_What you are asked to do_: Exactly reproduce the line containing "theory Defs" together with every line after it, through the end of the entries, and give nothing more.

[Stored data entries]
(* Let $E\subseteq\mathbb{R}^d$ be a convex compact set with $0$ in its interior, and let $P=\{p_i:i\in\mathbb{I}\}$ be a trajectory set satisfying condition (C2). If $P+E=\bigcup_{i\in\mathbb{I}}\bigcup_{y\in p_i}(E+y)=\mathbb{R}^d$, then $\ell^-(P)\ge 1/\Delta_E$.
   Context: A trajectory is a set $\gamma(\mathbb{R})$ where $\gamma:\mathbb{R}\to\mathbb{R}^d$ is a curve whose restriction to every bounded interval is rectifiable; a trajectory set $P$ is a countable collection of trajectories (also identified with their union). $\mathcal{M}^P(a,x)$ is the total arc length of the trajectories of $P$ inside the closed ball $B_a^d(x)$; $\ell^-(P)=\liminf_{a\to\infty}\inf_{x\in\mathbb{R}^d}\mathcal{M}^P(a,x)/|B_a^d|$. Condition (C2): there is $\delta:\mathbb{R}^+\to\mathbb{R}^+$ with $\delta(a)=o(a^d)$ such that for every $x\in\mathbb{R}^d$ and every sufficiently large $a$ there is a rectifiable curve $\alpha:[0,1]\to\mathbb{R}^d$ with $\ell(\alpha)=\mathcal{M}^P(a,x)+\delta(a)$ and $P\cap B_a^d(x)\subseteq\alpha([0,1])$. For measurable $E$, $\Delta_E=\sup_{q\in\mathbb{R}^d\setminus\{0\}}|\mathcal{P}_{q^\perp}E|$, where $\mathcal{P}_{q^\perp}$ is the orthogonal projection onto the hyperplane $q^\perp=\{x:\langle x,q\rangle=0\}$ and $|\cdot|$ is $(d-1)$-dimensional volume. *)

theory Defs
  imports "HOL-Analysis.Analysis" "HOL-Library.Landau_Symbols"
begin

definition curve_length :: "(real \<Rightarrow> 'a::euclidean_space) \<Rightarrow> real \<Rightarrow> real \<Rightarrow> ennreal" where
  "curve_length g a b =
     (SUP ts \<in> {ts. sorted ts \<and> set ts \<subseteq> {a..b}}.
        (\<Sum>i<length ts - 1. ennreal (dist (g (ts ! i)) (g (ts ! Suc i)))))"

definition is_trajectory :: "'a::euclidean_space set \<Rightarrow> bool" where
  "is_trajectory S \<longleftrightarrow> (\<exists>g::real \<Rightarrow> 'a. continuous_on UNIV g \<and>
      (\<forall>a b. a \<le> b \<longrightarrow> curve_length g a b < \<infinity>) \<and> S = range g)"

definition trajectory_set :: "'a::euclidean_space set set \<Rightarrow> bool" where
  "trajectory_set P \<longleftrightarrow> countable P \<and> (\<forall>p\<in>P. is_trajectory p)"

_Answer box_:
theory Defs
  imports "HOL-Analysis.Analysis" "HOL-Library.Landau_Symbols"
begin

definition curve_length :: "(real \<Rightarrow> 'a::euclidean_space) \<Rightarrow> real \<Rightarrow> real \<Rightarrow> ennreal" where
  "curve_length g a b =
     (SUP ts \<in> {ts. sorted ts \<and> set ts \<subseteq> {a..b}}.
        (\<Sum>i<length ts - 1. ennreal (dist (g (ts ! i)) (g (ts ! Suc i)))))"

definition is_trajectory :: "'a::euclidean_space set \<Rightarrow> bool" where
  "is_trajectory S \<longleftrightarrow> (\<exists>g::real \<Rightarrow> 'a. continuous_on UNIV g \<and>
      (\<forall>a b. a \<le> b \<longrightarrow> curve_length g a b < \<infinity>) \<and> S = range g)"

definition trajectory_set :: "'a::euclidean_space set set \<Rightarrow> bool" where
  "trajectory_set P \<longleftrightarrow> countable P \<and> (\<forall>p\<in>P. is_trajectory p)"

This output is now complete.